Reputation: 361
For reasons explained below I have started to investigate the time it takes to create and run a thread. The way I do it, I found this process to take about 26 ms for 10 threads which is much longer than it should be - at least from my understanding.
A short background:
I'm working on a game that uses pathfinding. After adding more entities it became necessary to parallise the process.
I want this to be as readable as possible so I've created a ParallelTask class that holds a thread, std::function (that should be executed by the tread), a mutex to protect some write operations and a bool is completed that is set to true once the thread has finished executing.
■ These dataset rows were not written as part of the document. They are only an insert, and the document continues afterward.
section \<open>Spectral operators\<close>

definition spectral_op :: "('d::finite \<Rightarrow> real) \<Rightarrow> ('d \<Rightarrow> complex^'d) \<Rightarrow> complex^'d^'d" where
  "spectral_op q W = (\<chi> i j. \<Sum>k\<in>UNIV. complex_of_real (q k) * W k $ i * cnj (W k $ j))"

lemma rho_spectral_op: "rho p w \<theta> = spectral_op (\<lambda>m. p m \<theta>) (\<lambda>m. w m \<theta>)"
  by (simp add: rho_def spectral_op_def)

lemma spectral_op_hermitian: "hermitian (spectral_op q W)"
  unfolding hermitian_def spectral_op_def by (simp add: mult.commute mult.left_commute)

lemma cinner_outer_sum:
  "cinner u ((\<chi> a b. \<Sum>m\<in>UNIV. c m * x m $ a * cnj (y m $ b)) *v z)
    = (\<Sum>m\<in>UNIV. c m * cinner u (x m) * cinner (y m) z)"
proof -
  have "cinner u ((\<chi> a b. \<Sum>m\<in>UNIV. c m * x m $ a * cnj (y m $ b)) *v z)
     = (\<Sum>a\<in>UNIV. \<Sum>b\<in>UNIV. \<Sum>m\<in>UNIV. c m * (cnj (u $ a) * x m $ a) * (cnj (y m $ b) * z $ b))"
    by (simp add: cinner_def matrix_vector_mult_def sum_distrib_left sum_distrib_right
        mult.commute mult.left_commute)
  also have "\<dots> = (\<Sum>m\<in>UNIV. \<Sum>a\<in>UNIV. \<Sum>b\<in>UNIV. c m * (cnj (u $ a) * x m $ a) * (cnj (y m $ b) * z $ b))"
    by (subst sum.swap) (intro sum.cong refl sum.swap)
  also have "\<dots> = (\<Sum>m\<in>UNIV. c m * cinner u (x m) * cinner (y m) z)"
    by (simp add: cinner_def sum_distrib_left sum_distrib_right mult.assoc)
      (rule sum.cong[OF refl], rule sum.swap)
  finally show ?thesis .
qed

lemma spectral_op_eigenvector:
  assumes "orthonormal_basis W"
  shows "spectral_op q W *v W j = of_real (q j) *s W j"
proof -
  have "(spectral_op q W *v W j) $ a = of_real (q j) * W j $ a" for a
  proof -
    have "(spectral_op q W *v W j) $ a
        = (\<Sum>k\<in>UNIV. of_real (q k) * W k $ a * cinner (W k) (W j))"
      by (simp add: spectral_op_def matrix_vector_mult_def cinner_def sum_distrib_left
          sum_distrib_right mult.assoc) (rule sum.swap)
    then show ?thesis
      using assms unfolding orthonormal_basis_def by (simp add: if_distrib cong: if_cong)
  qed
  then show ?thesis by (simp add: vec_eq_iff)
qed

lemma ctrace_spectral_op:
  "ctrace (spectral_op q W ** M) = (\<Sum>m\<in>UNIV. of_real (q m) * cinner (W m) (M *v W m))"
proof -
  have "ctrace (spectral_op q W ** M)
      = (\<Sum>a\<in>UNIV. \<Sum>c\<in>UNIV. \<Sum>m\<in>UNIV. of_real (q m) * (cnj (W m $ c) * (M $ c $ a * W m $ a)))"
    by (simp add: ctrace_def spectral_op_def matrix_matrix_mult_def sum_distrib_left
        sum_distrib_right mult.commute mult.left_commute)
  also have "\<dots> = (\<Sum>m\<in>UNIV. \<Sum>c\<in>UNIV. \<Sum>a\<in>UNIV. of_real (q m) * (cnj (W m $ c) * (M $ c $ a * W m $ a)))"
    by (subst sum.swap, subst sum.swap) (intro sum.cong refl sum.swap)
  also have "\<dots> = (\<Sum>m\<in>UNIV. of_real (q m) * cinner (W m) (M *v W m))"
    by (simp add: cinner_def matrix_vector_mult_def sum_distrib_left)
  finally show ?thesis .
qed

lemma ctrace_spectral_op_product:
  fixes W :: "'d::finite \<Rightarrow> complex^'d"
  assumes ON: "orthonormal_basis W"
  shows "ctrace (spectral_op q W ** A ** B)
    = (\<Sum>i\<in>UNIV. \<Sum>j\<in>UNIV. of_real (q i) * (cinner (W i) (A *v W j) * cinner (W j) (B *v W i)))"
proof -
  have "ctrace (spectral_op q W ** A ** B)
      = (\<Sum>i\<in>UNIV. of_real (q i) * cinner (W i) (A *v (B *v W i)))"
    by (simp add: matrix_mul_assoc[symmetric] ctrace_spectral_op matrix_vector_mul_assoc)
  also have "\<dots> = (\<Sum>i\<in>UNIV. \<Sum>j\<in>UNIV. of_real (q i) * (cinner (W i) (A *v W j) * cinner (W j) (B *v W i)))"
    by (intro sum.cong refl, subst orthonormal_basis_insert[OF ON, of _ A "B *v _"])
      (simp add: sum_distrib_left)
  finally show ?thesis .
qed
lemma orbit_norm_minus: "orbit_norm E (- v) = orbit_norm E v"
  unfolding orbit_norm_def by (simp add: linear_neg[OF linear])

text \<open>The point \<open>v\<close> itself (\<open>n = 0\<close>) is approached by the later orbit points, so
  dropping it from the supremum does not change the value.\<close>
lemma orbit_norm_shift: "orbit_norm E (E 1 v) = orbit_norm E v"
proof (rule antisym)
  show "orbit_norm E (E 1 v) \<le> orbit_norm E v"
    unfolding orbit_norm_def[of E "E 1 v"] shift
    by (rule cSUP_least) (simp_all add: norm_le_orbit_norm)
  have tail: "norm (E (Suc m) v) \<le> orbit_norm E (E 1 v)" for m
    using norm_le_orbit_norm[of m "E 1 v"] by (simp only: shift)
  show "orbit_norm E v \<le> orbit_norm E (E 1 v)"
    unfolding orbit_norm_def[of E v]
  proof (rule cSUP_least)
    fix n
    show "norm (E n v) \<le> orbit_norm E (E 1 v)"
    proof (cases n)
      case 0
      obtain nk where nk: "filterlim nk at_top sequentially"
        and lim: "(\<lambda>j. E (nk j) v) \<longlonglongrightarrow> v"
        using recurrent by blast
      have "eventually (\<lambda>j. 1 \<le> nk j) sequentially"
        using nk unfolding filterlim_at_top by blast
      then have "eventually (\<lambda>j. norm (E (nk j) v) \<le> orbit_norm E (E 1 v)) sequentially"
      proof eventually_elim
        case (elim j)
        then have "nk j = Suc (nk j - 1)" by simp
        then show ?case using tail[of "nk j - 1"] by simp
      qed
      from tendsto_upperbound[OF tendsto_norm[OF lim] this] 0 show ?thesis
        by (simp add: E0)
    next
      case (Suc m)
      then show ?thesis using tail[of m] by (simp only:)
    qed
  qed simp
qed
(* Let $m=1$, $n,T\in\mathbb{N}$, $L\in[1,T]$ with $n+L\le T$, $u_{[0,T-1]}\in\mathbb{R}^T$, and let $\eta=\begin{bmatrix}\eta_0&\cdots&\eta_{n+L-1}\end{bmatrix}^\top\in\mathbb{R}^{n+L}\setminus\{0\}$ satisfy $\eta^\top\mathcal{H}_{n+L}(u_{[0,T-1]})=0$. Define $\Lambda(\eta)=\{\lambda\in\mathbb{C}:\sum_{i=0}^{n+L-1}\lambda^i\eta_i=0\}$. Then for every $A\in\mathbb{R}^{n\times n}$ with $\operatorname{spec}A\cap\Lambda(\eta)=\varnothing$ and every $B\in\mathbb{R}^{n}$, there exists a state sequence $x_{[0,T-L]}$ satisfying $x(t+1)=Ax(t)+Bu(t)$ for all $t\in[0,T-L-1]$ such that $$\operatorname{rank}\begin{bmatrix}\mathcal{H}_L(u_{[0,T-1]})\\ \mathcal{H}_1(x_{[0,T-L]})\end{bmatrix}<n+L.$$
   Context: For $v:\mathbb{Z}_+\to\mathbb{R}^q$, $v_{[0,T-1]}=\begin{bmatrix}v(0)^\top & \cdots & v(T-1)^\top\end{bmatrix}^\top$. For $k\in[1,T]$ the Hankel matrix of depth $k$ is the $qk\times(T-k+1)$ block matrix $\mathcal{H}_k(v_{[0,T-1]})$ whose $(i,j)$ block ($i\in[0,k-1]$, $j\in[0,T-k]$) is $v(i+j)$; in particular $\mathcal{H}_1(x_{[0,T-L]})=\begin{bmatrix}x(0)&\cdots&x(T-L)\end{bmatrix}$. $\operatorname{spec}A$ denotes the set of (complex) eigenvalues of $A$. *)

theory Defs
  imports "Jordan_Normal_Form.DL_Rank" "Jordan_Normal_Form.Char_Poly"
begin
(* Let $P$ be the non-symmetric operad of sets in which $P(n)$ is the set of all $n$-tuples $(f_1,\dots,f_n)$ of order-preserving continuous maps $f_i:[0,1)\to[0,1)$ such that whenever $i<j$ and $t_i,t_j\in[0,1)$ we have $f_i(t_i)<f_j(t_j)$; the identity is $\mathrm{id}_{[0,1)}\in P(1)$, and composition is $(f_1,\dots,f_n)\circ((f_1^1,\dots,f_1^{k_1}),\dots,(f_n^1,\dots,f_n^{k_n}))=(f_1f_1^1,\dots,f_1f_1^{k_1},\dots,f_nf_n^1,\dots,f_nf_n^{k_n})$. Then: (1) an element $g\in P(1)$ is constant (in the operadic sense below) if and only if the map $g:[0,1)\to[0,1)$ is constant; (2) an element $(f_1,\dots,f_n)\in P(n)$ is surjective (in the operadic sense below) if and only if the union of the images of $f_1,\dots,f_n$ is $[0,1)$. Moreover both statements remain true when $P$ is replaced by its reverse $\overline{P}$.
   Context: For a non-symmetric operad of sets $Q$ (sets $Q(n)$, identity $\mathrm{id}\in Q(1)$, composition $\theta\circ(\theta_1,\dots,\theta_n)$): an element $\gamma\in Q(1)$ is called constant if for all $n\in\mathbb{N}$ and all $\phi,\phi'\in Q(n)$, $\gamma\circ(\phi)=\gamma\circ(\phi')$; an element $\phi\in Q(n)$ is called surjective if for all $\theta,\theta'\in Q(1)$, $\theta\circ(\phi)=\theta'\circ(\phi)$ implies $\theta=\theta'$. The reverse $\overline{Q}$ of $Q$ has $\overline{Q}(n)=Q(n)$, the same identity, and composition $\theta\circ_{\mathrm{rev}}(\theta_1,\dots,\theta_n)=\theta\circ(\theta_n,\dots,\theta_1)$. An element $(g)\in P(1)$ is written simply $g$. *)

theory Defs
  imports "HOL-Analysis.Analysis"
begin

text \<open>A non-symmetric operad of sets is represented by its carrier family
  Q :: nat => 'a set and its composition comp theta [theta_1, ..., theta_n].
  Elements of Q(1) are composed with a single-element list.\<close>

definition op_constant :: "(nat \<Rightarrow> 'a set) \<Rightarrow> ('a \<Rightarrow> 'a list \<Rightarrow> 'a) \<Rightarrow> 'a \<Rightarrow> bool" where
  "op_constant Q cmp \<gamma> \<longleftrightarrow>
     (\<forall>n::nat. \<forall>\<phi>\<in>Q n. \<forall>\<phi>'\<in>Q n. cmp \<gamma> [\<phi>] = cmp \<gamma> [\<phi>'])"

definition op_surjective :: "(nat \<Rightarrow> 'a set) \<Rightarrow> ('a \<Rightarrow> 'a list \<Rightarrow> 'a) \<Rightarrow> 'a \<Rightarrow> bool" where
  "op_surjective Q cmp \<phi> \<longleftrightarrow>
     (\<forall>\<theta>\<in>Q 1. \<forall>\<theta>'\<in>Q 1. cmp \<theta> [\<phi>] = cmp \<theta>' [\<phi>] \<longrightarrow> \<theta> = \<theta>')"

definition rev_comp :: "('a \<Rightarrow> 'a list \<Rightarrow> 'a) \<Rightarrow> 'a \<Rightarrow> 'a list \<Rightarrow> 'a" where
  "rev_comp cmp \<theta> \<theta>s = cmp \<theta> (rev \<theta>s)"

text \<open>A map [0,1) -> [0,1) is represented as a function real => real that is
  0 outside [0,1) (so that equality of maps is equality of functions).\<close>

definition I01 :: "real set" where "I01 = {0..<1}"

definition is_map01 :: "(real \<Rightarrow> real) \<Rightarrow> bool" where
  "is_map01 f \<longleftrightarrow> f ` I01 \<subseteq> I01 \<and> (\<forall>x. x \<notin> I01 \<longrightarrow> f x = 0)
      \<and> mono_on I01 f \<and> continuous_on I01 f"

definition Pop :: "nat \<Rightarrow> (real \<Rightarrow> real) list set" where
  "Pop n = {fs. length fs = n \<and> (\<forall>f\<in>set fs. is_map01 f) \<and>
      (\<forall>i j. i < j \<and> j < n \<longrightarrow> (\<forall>s\<in>I01. \<forall>t\<in>I01. (fs ! i) s < (fs ! j) t))}"

definition comp01 :: "(real \<Rightarrow> real) \<Rightarrow> (real \<Rightarrow> real) \<Rightarrow> real \<Rightarrow> real" where
  "comp01 f g = (\<lambda>x. if x \<in> I01 then f (g x) else 0)"

definition Pcomp :: "(real \<Rightarrow> real) list \<Rightarrow> (real \<Rightarrow> real) list list \<Rightarrow> (real \<Rightarrow> real) list" where
  "Pcomp fs gss = concat (map (\<lambda>(f, gs). map (comp01 f) gs) (zip fs gss))"

end

theory Submission
  imports Defs
begin

text \<open>Both notions only involve composition with a single argument, on which reversal acts
  trivially. In \<open>P(1)\<close> a map is determined by its values on \<open>[0,1)\<close>, and \<open>u \<circ> f\<^sub>i\<close> only sees \<open>u\<close>
  on the image of \<open>f\<^sub>i\<close>. Composing \<open>g\<close> with constant maps reads off every value of \<open>g\<close>, which
  gives (1). For (2), each image \<open>f\<^sub>i([0,1))\<close> is an interval starting at \<open>f\<^sub>i(0)\<close>, so if a point
  \<open>y\<close> is missed by all of them, a whole interval \<open>(y, m)\<close> is missed; the identity and a monotone
  map that differs from it only on \<open>(y, m)\<close> are then not separated by \<open>(f\<^sub>1,\<dots>,f\<^sub>n)\<close>.\<close>

lemma op_constant_rev_comp: "op_constant Q (rev_comp cmp) \<gamma> \<longleftrightarrow> op_constant Q cmp \<gamma>"
  by (simp add: op_constant_def rev_comp_def)

lemma op_surjective_rev_comp: "op_surjective Q (rev_comp cmp) \<phi> \<longleftrightarrow> op_surjective Q cmp \<phi>"
  by (simp add: op_surjective_def rev_comp_def)

lemma zero_in_I01: "0 \<in> I01"
  by (simp add: I01_def)

lemma Pop_1_iff: "[g] \<in> Pop 1 \<longleftrightarrow> is_map01 g"
  by (auto simp: Pop_def)

lemma Pop_1_cases:
  assumes "\<theta> \<in> Pop 1"
  obtains g where "\<theta> = [g]" "is_map01 g"
  using assms by (cases \<theta>) (auto simp: Pop_def)

lemma ball_Pop_1: "(\<forall>\<theta>\<in>Pop 1. P \<theta>) \<longleftrightarrow> (\<forall>g. is_map01 g \<longrightarrow> P [g])"
  by (metis Pop_1_cases Pop_1_iff)

lemma Pcomp_unary: "Pcomp [g] [fs] = map (comp01 g) fs"
  by (simp add: Pcomp_def)

lemma is_map01_mapsto: "is_map01 f \<Longrightarrow> t \<in> I01 \<Longrightarrow> f t \<in> I01"
  by (auto simp: is_map01_def)

lemma is_map01_eq_iff:
  assumes "is_map01 a" "is_map01 b"
  shows "a = b \<longleftrightarrow> (\<forall>x\<in>I01. a x = b x)"
  using assms unfolding is_map01_def fun_eq_iff by metis

lemma comp01_eq_iff: "comp01 a f = comp01 b f \<longleftrightarrow> (\<forall>x\<in>I01. a (f x) = b (f x))"
  by (auto simp: comp01_def fun_eq_iff)

lemma is_map01_restrict:
  assumes "h ` I01 \<subseteq> I01" "mono_on I01 h" "continuous_on I01 h"
  shows "is_map01 (\<lambda>x. if x \<in> I01 then h x else 0)"
proof -
  have "continuous_on I01 (\<lambda>x. if x \<in> I01 then h x else 0)"
    using assms(3) by (rule continuous_on_cong[THEN iffD1, rotated 2]) auto
  moreover have "mono_on I01 (\<lambda>x. if x \<in> I01 then h x else 0)"
    using assms(2) by (auto simp: mono_on_def)
  ultimately show ?thesis
    using assms(1) by (auto simp: is_map01_def)
qed

definition const01 :: "real \<Rightarrow> real \<Rightarrow> real" where
  "const01 c = (\<lambda>x. if x \<in> I01 then c else 0)"

lemma is_map01_const01: "c \<in> I01 \<Longrightarrow> is_map01 (const01 c)"
  unfolding const01_def by (rule is_map01_restrict) (auto simp: mono_on_def)

lemma comp01_const01:
  assumes "\<forall>t\<in>I01. g t = c" "f ` I01 \<subseteq> I01"
  shows "comp01 g f = const01 c"
  using assms by (auto simp: comp01_def const01_def fun_eq_iff)

lemma op_constant_Pop_iff:
  assumes "is_map01 g"
  shows "op_constant Pop Pcomp [g] \<longleftrightarrow> (\<exists>c. \<forall>t\<in>I01. g t = c)"
proof
  assume const: "op_constant Pop Pcomp [g]"
  have "g s = g 0" if s: "s \<in> I01" for s
  proof -
    have "[const01 s] \<in> Pop 1" "[const01 0] \<in> Pop 1"
      using s zero_in_I01 by (simp_all only: Pop_1_iff is_map01_const01)
    with const have "comp01 g (const01 s) = comp01 g (const01 0)"
      by (force simp: op_constant_def Pcomp_unary)
    then have "comp01 g (const01 s) 0 = comp01 g (const01 0) 0"
      by simp
    then show ?thesis
      using s zero_in_I01 by (simp add: comp01_def const01_def)
  qed
  then show "\<exists>c. \<forall>t\<in>I01. g t = c" by blast
next
  assume "\<exists>c. \<forall>t\<in>I01. g t = c"
  then obtain c where c: "\<forall>t\<in>I01. g t = c" by blast
  have "Pcomp [g] [\<phi>] = replicate n (const01 c)" if "\<phi> \<in> Pop n" for n \<phi>
  proof -
    have "f ` I01 \<subseteq> I01" if "f \<in> set \<phi>" for f
      using \<open>\<phi> \<in> Pop n\<close> that by (auto simp: Pop_def is_map01_def)
    then show ?thesis
      using \<open>\<phi> \<in> Pop n\<close> c
      by (auto simp: Pcomp_unary Pop_def comp01_const01 map_replicate_const[symmetric]
          intro!: map_cong)
  qed
  then show "op_constant Pop Pcomp [g]"
    by (simp add: op_constant_def)
qed

lemma is_interval_1_less_if_notin:
  fixes S :: "real set"
  assumes "is_interval S" "a \<in> S" "b \<in> S" "a < y" "y \<notin> S"
  shows "b < y"
proof (rule ccontr)
  assume "\<not> b < y"
  have "y \<in> S"
    by (rule mem_is_interval_1_I[OF assms(1-3)]) (use \<open>a < y\<close> \<open>\<not> b < y\<close> in linarith)+
  with \<open>y \<notin> S\<close> show False ..
qed

lemma is_map01_image_below_or_above:
  assumes f: "is_map01 f" and y: "y \<notin> f ` I01" and t: "t \<in> I01"
  shows "f t < y \<or> y < f 0 \<and> f 0 \<le> f t"
proof (cases "f 0 < y")
  case True
  have "continuous_on I01 f" "connected I01"
    using f by (simp_all add: is_map01_def I01_def is_interval_connected)
  then have "is_interval (f ` I01)"
    unfolding is_interval_connected_1 by (rule connected_continuous_image)
  then have "f t < y"
    by (rule is_interval_1_less_if_notin[of "f ` I01" "f 0" "f t" y]) (use True y t zero_in_I01 in auto)
  then show ?thesis ..
next
  case False
  have "f 0 \<le> f t"
    using f t zero_in_I01 by (auto simp: is_map01_def mono_on_def I01_def)
  moreover have "f 0 \<noteq> y"
    using y zero_in_I01 by blast
  ultimately show ?thesis
    using False by auto
qed

lemma is_map01_images_gap:
  assumes "finite F" "\<forall>f\<in>F. is_map01 f" "y \<in> I01" "y \<notin> (\<Union>f\<in>F. f ` I01)"
  obtains m where "y < m" "m \<le> 1" "\<forall>f\<in>F. \<forall>t\<in>I01. f t \<notin> {y<..<m}"
proof
  define M where "M = insert 1 {f 0 | f. f \<in> F \<and> y < f 0}"
  have "finite M"
    using assms(1) by (simp add: M_def)
  then show "y < Min M" "Min M \<le> 1"
    using assms(3) by (auto simp: M_def I01_def)
  show "\<forall>f\<in>F. \<forall>t\<in>I01. f t \<notin> {y<..<Min M}"
  proof (intro ballI)
    fix f t assume "f \<in> F" "t \<in> I01"
    then have "f t < y \<or> y < f 0 \<and> f 0 \<le> f t"
      using assms(2,4) by (intro is_map01_image_below_or_above) auto
    moreover have "y < f 0 \<Longrightarrow> Min M \<le> f 0"
      using \<open>finite M\<close> \<open>f \<in> F\<close> by (intro Min_le) (auto simp: M_def)
    ultimately show "f t \<notin> {y<..<Min M}"
      by auto
  qed
qed

lemma is_map01_differ_only_on:
  assumes "y \<in> I01" "y < m" "m \<le> 1"
  obtains a b where "is_map01 a" "is_map01 b" "a \<noteq> b" "\<forall>x\<in>I01 - {y<..<m}. a x = b x"
proof -
  define h where "h x = min x (max y (2 * x - m))" for x :: real
  define a where "a = (\<lambda>x. if x \<in> I01 then x else 0)"
  define b where "b = (\<lambda>x. if x \<in> I01 then h x else 0)"
  have "a ((y + m) / 2) \<noteq> b ((y + m) / 2)"
    using assms by (auto simp: a_def b_def I01_def h_def field_simps)
  then have "a \<noteq> b"
    by metis
  moreover have "is_map01 a"
    unfolding a_def by (rule is_map01_restrict) (auto simp: mono_on_def intro: continuous_on_id)
  moreover have "is_map01 b"
    unfolding b_def
  proof (rule is_map01_restrict)
    show "h ` I01 \<subseteq> I01"
      using assms(1) by (auto simp: h_def I01_def)
    show "mono_on I01 h"
      by (auto simp: mono_on_def h_def)
    show "continuous_on I01 h"
      unfolding h_def by (intro continuous_intros)
  qed
  moreover have "\<forall>x\<in>I01 - {y<..<m}. a x = b x"
    using assms(2) by (auto simp: a_def b_def h_def)
  ultimately show thesis
    using that by blast
qed

lemma is_map01_separated_by_images_iff:
  assumes "finite F" and maps: "\<forall>f\<in>F. is_map01 f"
  defines "U \<equiv> \<Union>f\<in>F. f ` I01"
  shows "(\<forall>a b. is_map01 a \<longrightarrow> is_map01 b \<longrightarrow> (\<forall>z\<in>U. a z = b z) \<longrightarrow> a = b) \<longleftrightarrow> U = I01"
proof
  assume separates: "\<forall>a b. is_map01 a \<longrightarrow> is_map01 b \<longrightarrow> (\<forall>z\<in>U. a z = b z) \<longrightarrow> a = b"
  show "U = I01"
  proof (rule ccontr)
    assume "U \<noteq> I01"
    moreover have "U \<subseteq> I01"
      unfolding U_def using maps is_map01_mapsto by blast
    ultimately obtain y where "y \<in> I01" "y \<notin> U"
      by blast
    obtain m where "y < m" "m \<le> 1" and gap: "\<forall>f\<in>F. \<forall>t\<in>I01. f t \<notin> {y<..<m}"
      using is_map01_images_gap[OF assms(1) maps \<open>y \<in> I01\<close>] \<open>y \<notin> U\<close> unfolding U_def by blast
    obtain a b where "is_map01 a" "is_map01 b" "a \<noteq> b"
      and agree: "\<forall>x\<in>I01 - {y<..<m}. a x = b x"
      using is_map01_differ_only_on[OF \<open>y \<in> I01\<close> \<open>y < m\<close> \<open>m \<le> 1\<close>] by blast
    have "\<forall>z\<in>U. a z = b z"
    proof
      fix z assume "z \<in> U"
      then obtain f t where "f \<in> F" "t \<in> I01" "z = f t"
        unfolding U_def by blast
      then have "z \<in> I01 - {y<..<m}"
        using maps gap is_map01_mapsto by blast
      then show "a z = b z"
        using agree by blast
    qed
    then show False
      using separates \<open>is_map01 a\<close> \<open>is_map01 b\<close> \<open>a \<noteq> b\<close> by blast
  qed
next
  assume "U = I01"
  then show "\<forall>a b. is_map01 a \<longrightarrow> is_map01 b \<longrightarrow> (\<forall>z\<in>U. a z = b z) \<longrightarrow> a = b"
    by (simp add: is_map01_eq_iff)
qed

lemma op_surjective_Pop_iff:
  assumes "fs \<in> Pop n"
  shows "op_surjective Pop Pcomp fs \<longleftrightarrow> (\<Union>f\<in>set fs. f ` I01) = I01"
proof -
  have maps: "\<forall>f\<in>set fs. is_map01 f"
    using assms by (auto simp: Pop_def)
  have "Pcomp [a] [fs] = Pcomp [b] [fs] \<longleftrightarrow> (\<forall>z\<in>\<Union>f\<in>set fs. f ` I01. a z = b z)" for a b
    by (auto simp: Pcomp_unary comp01_eq_iff)
  then have "op_surjective Pop Pcomp fs \<longleftrightarrow> (\<forall>a b. is_map01 a \<longrightarrow> is_map01 b \<longrightarrow>
      (\<forall>z\<in>\<Union>f\<in>set fs. f ` I01. a z = b z) \<longrightarrow> a = b)"
    unfolding op_surjective_def ball_Pop_1 by simp
  also have "\<dots> \<longleftrightarrow> (\<Union>f\<in>set fs. f ` I01) = I01"
    using is_map01_separated_by_images_iff[OF finite_set maps] by simp
  finally show ?thesis .
qed

theorem mainTheorem3:
  shows "(\<forall>g. [g] \<in> Pop 1 \<longrightarrow>
            (op_constant Pop Pcomp [g] \<longleftrightarrow> (\<exists>c. \<forall>t\<in>I01. g t = c)))
       \<and> (\<forall>n fs. fs \<in> Pop n \<longrightarrow>
            (op_surjective Pop Pcomp fs \<longleftrightarrow> (\<Union>f\<in>set fs. f ` I01) = I01))
       \<and> (\<forall>g. [g] \<in> Pop 1 \<longrightarrow>
            (op_constant Pop (rev_comp Pcomp) [g] \<longleftrightarrow> (\<exists>c. \<forall>t\<in>I01. g t = c)))
       \<and> (\<forall>n fs. fs \<in> Pop n \<longrightarrow>
            (op_surjective Pop (rev_comp Pcomp) fs \<longleftrightarrow> (\<Union>f\<in>set fs. f ` I01) = I01))"
  unfolding op_constant_rev_comp op_surjective_rev_comp Pop_1_iff
  using op_constant_Pop_iff op_surjective_Pop_iff by blast

end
I'm new to multithreading so I have no idea if this is a good approach to begin with but never the less I'm confused why it takes so long to execute.
I have written the code below to isolate the problem.
int main()
{
std::map<int, std::unique_ptr<ParallelTask>> parallelTaskDictionary;
auto start = std::chrono::system_clock::now();
for (size_t i = 0; i < 10; i++)
{
parallelTaskDictionary.emplace(i, std::make_unique<ParallelTask>());
parallelTaskDictionary[i]->Execute();
}
auto end = std::chrono::system_clock::now();
auto elapsed = std::chrono::duration_cast<std::chrono::microseconds>(end - start);
std::cout << elapsed.count() << std::endl;
parallelTaskDictionary.clear();
return 0;
}
class ParallelTask
{
public:
ParallelTask();
// Join the treads
~ParallelTask();
public:
inline std::vector<int> GetPath() const { return path; }
void Execute();
private:
std::thread thread;
mutable std::mutex mutex;
std::function<void()> threadFunction;
bool completed;
std::vector<int> path;
};
ParallelTask::ParallelTask()
{
threadFunction = [this]() {
{
std::lock_guard<std::mutex> lock(mutex);
this->completed = true;
}
};
}
ParallelTask::~ParallelTask()
{
if (thread.joinable())
thread.join();
}
void ParallelTask::Execute()
{
this->completed = false;
// Launch the thread
this->thread = std::thread(threadFunction);
}
Running this code gives me between 25 and 26 milliseconds of execution time. Since this is meant to be used in a game its of course inacceptable.
As previously mentioned, I do not understand why, especially since the threadFunction itself does literally noting. In case you wonder, I have even removed the mutex lock and it gave me literally the same result so there must be something else going on here. (From my research creating a thread shouldn't take more than a couple microseconds but maybe I'm just wrong with that ^^)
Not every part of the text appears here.